-------- Given records --------

(* Let $(X,d)$ be a metric space, $v,x\in X$, and $0<\varepsilon\le\frac13$. Suppose $P$ is a path $v=p_0,p_1,\ldots,p_l=x$ of points of $X$ such that $d(v,p_i)\le \varepsilon\, d(v,p_{i+1})$ for all $1\le i\le l-1$. Then $d_P(v,x)\le (1+3\varepsilon)\,d(v,x)$.
   Context: $d_P(v,x)$ denotes the length of the path $P$, i.e. $\sum_{i=1}^{l} d(p_{i-1},p_i)$. *)

theory Defs
  imports "HOL-Analysis.Analysis"
begin

definition path_length :: "(nat \<Rightarrow> 'a::metric_space) \<Rightarrow> nat \<Rightarrow> real" where
  "path_length p l = (\<Sum>i=1..l. dist (p (i - 1)) (p i))"

end

theory Submission
  imports Defs
begin

text \<open>Induct along the path with the invariant d_P(v, p k) \<le> (1 + 3\<epsilon>) d(v, p k).
  The step from p k to p (k+1) costs at most d(v, p k) + d(v, p (k+1)) by the triangle
  inequality through v, so with a = d(v, p k) \<le> \<epsilon> b, b = d(v, p (k+1)) the new length is at
  most (2 + 3\<epsilon>) a + b \<le> ((2 + 3\<epsilon>) \<epsilon> + 1) b, and (2 + 3\<epsilon>) \<epsilon> \<le> 3\<epsilon> exactly when \<epsilon> \<le> 1/3.\<close>

lemma path_length_0 [simp]: "path_length p 0 = 0"
  by (simp add: path_length_def)

lemma path_length_Suc:
  "path_length p (Suc k) = path_length p k + dist (p k) (p (Suc k))"
  by (simp add: path_length_def)

lemma radial_step_bound:
  fixes \<epsilon> a b :: real
  assumes "0 < \<epsilon>" "\<epsilon> \<le> 1/3" "0 \<le> b" "a \<le> \<epsilon> * b"
  shows "(1 + 3 * \<epsilon>) * a + (a + b) \<le> (1 + 3 * \<epsilon>) * b"
proof -
  have "(2 + 3 * \<epsilon>) * a \<le> (2 + 3 * \<epsilon>) * (\<epsilon> * b)"
    using assms by (intro mult_left_mono) auto
  moreover have "(2 + 3 * \<epsilon>) * \<epsilon> * b \<le> 3 * \<epsilon> * b"
    using assms by (intro mult_right_mono) (auto simp: algebra_simps)
  ultimately show ?thesis by (simp add: algebra_simps)
qed

lemma path_length_le_radial:
  fixes p :: "nat \<Rightarrow> 'a::metric_space"
  assumes "0 < \<epsilon>" "\<epsilon> \<le> 1/3" "k \<le> l"
    and radial: "\<And>i. 1 \<le> i \<Longrightarrow> i < l \<Longrightarrow> dist (p 0) (p i) \<le> \<epsilon> * dist (p 0) (p (i + 1))"
  shows "path_length p k \<le> (1 + 3 * \<epsilon>) * dist (p 0) (p k)"
  using \<open>k \<le> l\<close>
proof (induction k)
  case 0
  then show ?case by simp
next
  case (Suc k)
  have triangle: "dist (p k) (p (Suc k)) \<le> dist (p 0) (p k) + dist (p 0) (p (Suc k))"
    by (metis dist_commute dist_triangle)
  show ?case
  proof (cases "k = 0")
    case True
    have "dist (p 0) (p 1) \<le> (1 + 3 * \<epsilon>) * dist (p 0) (p 1)"
      using assms(1) zero_le_dist[of "p 0" "p 1"] by (simp add: algebra_simps)
    then show ?thesis using True by (simp add: path_length_def)
  next
    case False
    then have "dist (p 0) (p k) \<le> \<epsilon> * dist (p 0) (p (Suc k))"
      using radial[of k] Suc.prems by simp
    then have "(1 + 3 * \<epsilon>) * dist (p 0) (p k) + (dist (p 0) (p k) + dist (p 0) (p (Suc k)))
        \<le> (1 + 3 * \<epsilon>) * dist (p 0) (p (Suc k))"
      using assms(1,2) by (intro radial_step_bound) auto
    then show ?thesis
      using Suc triangle by (simp add: path_length_Suc)
  qed
qed

theorem lemma9:
  fixes p :: "nat \<Rightarrow> 'a::metric_space" and v x :: 'a and l :: nat and \<epsilon> :: real
  assumes "0 < \<epsilon>" and "\<epsilon> \<le> 1/3"
    and "p 0 = v" and "p l = x"
    and "\<And>i. 1 \<le> i \<Longrightarrow> i \<le> l - 1 \<Longrightarrow> dist v (p i) \<le> \<epsilon> * dist v (p (i + 1))"
  shows "path_length p l \<le> (1 + 3 * \<epsilon>) * dist v x"
proof -
  have "dist (p 0) (p i) \<le> \<epsilon> * dist (p 0) (p (i + 1))" if "1 \<le> i" "i < l" for i
    using assms(3,5) that by simp
  then show ?thesis
    using path_length_le_radial[of \<epsilon> l l p] assms(1-4) by simp
qed

end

--------

## What is expected
Among the records above, find the lines that contain "shows" and copy every one.

## Response for this exercise
  shows "(1 + 3 * \<epsilon>) * a + (a + b) \<le> (1 + 3 * \<epsilon>) * b"
  shows "path_length p k \<le> (1 + 3 * \<epsilon>) * dist (p 0) (p k)"
  shows "path_length p l \<le> (1 + 3 * \<epsilon>) * dist v x"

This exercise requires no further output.